Extend precompile to support a DAG #792

fibonacci1729 · 2025-01-09T00:05:40Z

Still WIP while I address some lingering TODOs but wanted to get this up for 👀 before too long.

This PR effectively breaks the assumption that layers input to precompile map 1:1 with layers returned. This is necessary to support things like component dependencies in the spin shim via composition where there is not a clear mapping of original to precompiled layers.

I tried to evolve the precompile API in the most straightforward way without requiring shim developers to have to manage a DAG themselves.

NOTE: have to update the other shims to conform to the new API which will be straightforward but i'd like to get feedback on this approach here first.

cc/ @Mossaka @jsturtevant @kate-goldenring

Signed-off-by: Brian H <[email protected]>

jsturtevant · 2025-01-09T19:13:26Z

/cc @jprendes as well who is doing some larger changes to the engine

linking a few issues for context:
#504
spinkube/containerd-shim-spin#238

jsturtevant · 2025-01-09T19:20:20Z

crates/containerd-shim-wasm/src/container/engine.rs

@@ -62,7 +65,7 @@ pub trait Engine: Clone + Send + Sync + 'static {
    /// The cached, precompiled layers will be reloaded on subsequent runs.
    /// The runtime is expected to return the same number of layers passed in, if the layer cannot be precompiled it should return `None` for that layer.
    /// In some edge cases it is possible that the layers may already be precompiled and None should be returned in this case.
-    fn precompile(&self, _layers: &[WasmLayer]) -> Result<Vec<Option<Vec<u8>>>> {
+    async fn precompile(&self, _layers: &[WasmLayer]) -> Result<Vec<PrecompiledLayer>> {


Since this now provides a way to do more than just pre-compiling such as composing I wonder if we would want to rename it

Yeah that definitely seems reasonable! Happy to call this process_layers or whatever makes sense.

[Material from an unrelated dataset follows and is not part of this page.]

(* In the setting of the context, assume every irreducible $T$-module is thin, and let $\mathbf{C}\in T$ be the unique element satisfying the three equations $$\mathbf{A}+\frac{q\mathbf{B}\mathbf{C}-q^{-1}\mathbf{C}\mathbf{B}}{q^2-q^{-2}}=\frac{(\mathbf{a}+\mathbf{a}^{-1})(\Lambda+\Lambda^{-1})+(\mathbf{b}+\mathbf{b}^{-1})(\mathbf{c}+\mathbf{c}^{-1})}{q+q^{-1}},$$ $$\mathbf{B}+\frac{q\mathbf{C}\mathbf{A}-q^{-1}\mathbf{A}\mathbf{C}}{q^2-q^{-2}}=\frac{(\mathbf{b}+\mathbf{b}^{-1})(\Lambda+\Lambda^{-1})+(\mathbf{c}+\mathbf{c}^{-1})(\mathbf{a}+\mathbf{a}^{-1})}{q+q^{-1}},$$ $$\mathbf{C}+\frac{q\mathbf{A}\mathbf{B}-q^{-1}\mathbf{B}\mathbf{A}}{q^2-q^{-2}}=\frac{(\mathbf{c}+\mathbf{c}^{-1})(\Lambda+\Lambda^{-1})+(\mathbf{a}+\mathbf{a}^{-1})(\mathbf{b}+\mathbf{b}^{-1})}{q+q^{-1}}.$$ Then each of $$\mathbf{A}+\frac{q\mathbf{B}\mathbf{C}-q^{-1}\mathbf{C}\mathbf{B}}{q^2-q^{-2}},\quad \mathbf{B}+\frac{q\mathbf{C}\mathbf{A}-q^{-1}\mathbf{A}\mathbf{C}}{q^2-q^{-2}},\quad \mathbf{C}+\frac{q\mathbf{A}\mathbf{B}-q^{-1}\mathbf{B}\mathbf{A}}{q^2-q^{-2}}$$ is central in $T$.
   Context: Fix a nonzero $q\in\mathbb{C}$ with $q^4\neq1$. Let $\Gamma$ be a finite connected distance-regular graph (undirected, no loops or multiple edges) with vertex set $X$, distance $\partial$, diameter $D\ge3$; $V=\mathbb{C}^X$. $A$ is the adjacency matrix, $E_0,\dots,E_D$ the primitive idempotents of the Bose–Mesner algebra with $E_0=|X|^{-1}J$ and $E_1,\dots,E_D$ a $Q$-polynomial ordering; $A=\sum\theta_iE_i$. Fix a vertex $x$; $E_i^*$ is the diagonal $0/1$ matrix projecting onto vertices at distance $i$ from $x$; $A^*$ is diagonal with $(y,y)$-entry $|X|(E_1)_{xy}$, $A^*=\sum\theta_i^*E_i^*$; $T$ is the algebra generated by $A,A^*$. Assume $q$-Racah type: $\theta_i=w+uq^{2i-D}+vq^{D-2i}$, $\theta_i^*=w^*+u^*q^{2i-D}+v^*q^{D-2i}$, $u,u^*,v,v^*\neq0$; fix $a,b$ with $a^2=u/v$, $b^2=u^*/v^*$; $\mathbf{A}=(A-wI)/(av)$, $\mathbf{B}=(A^*-w^*I)/(bv^* )$. For an irreducible $T$-module $W\subseteq V$: endpoint $\rho=\min\{i:E_i^*W\ne0\}$, dual endpoint $\tau=\min\{i:E_iW\neq0\}$, diameter $d=|\{i:E^*_iW\ne0\}|-1$; thin means $\dim E^*_iW\le1$ for all $i$. Put $a(W)=aq^{2\tau+d-D}$, $b(W)=bq^{2\rho+d-D}$. If $W$ is thin, $(\mathbf{A}|_W,\{E_{\tau+i}|_W\}_{i=0}^d,\mathbf{B}|_W,\{E^*_{\rho+i}|_W\}_{i=0}^d)$ is a Leonard system with eigenvalues $\vartheta_i=a(W)q^{2i-d}+a(W)^{-1}q^{d-2i}$ and dual eigenvalues $\vartheta^*_i=b(W)q^{2i-d}+b(W)^{-1}q^{d-2i}$; let $\kappa=0$ if $d=0$ and, for $d\ge1$, $\kappa=a(W)b(W)^{-1}q^{d-1}+a(W)^{-1}b(W)q^{1-d}+\phi_1/((q-q^{-1})(q^d-q^{-d}))$ where $\phi_1=(\vartheta^*_0-\vartheta^*_1)(\mathrm{trace}(E^*_\rho\mathbf{A}|_W)-\vartheta_d)$; $c(W)$ is a root of $\xi^2-\kappa\xi+1=0$ (defined up to reciprocal). Isomorphism of irreducible modules: linear bijection commuting with $T$; $\Psi$ = set of types; for $\psi\in\Psi$, $a(\psi),b(\psi),d(\psi),c(\psi)$ are $a(W),b(W)$, the diameter, and (a fixed choice of) $c(W)$ for $W$ of type $\psi$. $V_\psi$ = span of irreducible modules of type $\psi$, $V=\bigoplus_\psi V_\psi$, $e_\psi$ = identity on $V_\psi$, $0$ on other $V_\lambda$. Define $\mathbf{a}=\sum_\psi a(\psi)e_\psi$, $\mathbf{b}=\sum_\psi b(\psi)e_\psi$, $\mathbf{c}=\sum_\psi c(\psi)e_\psi$, $\Lambda=\sum_\psi q^{d(\psi)+1}e_\psi$ (these are invertible). *)

theory Defs
  imports Complex_Main "Jordan_Normal_Form.Matrix"
begin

jsturtevant · 2025-01-09T19:34:33Z

a quick look and it is about what I was expecting for changes. It was helpful to see how it was used in a non trivial example with spinkube/containerd-shim-spin#259

jprendes

I have some concerns around the GC references, and how we link layers with precompiled artifacts, but I'm no expect on any of that, so feel free to correct me.

I would eventually like to split the precompilation from the Engine, which would be a significant breaking change. If you think there's a more drastic change that could help with this work, I'd like to hear it :-)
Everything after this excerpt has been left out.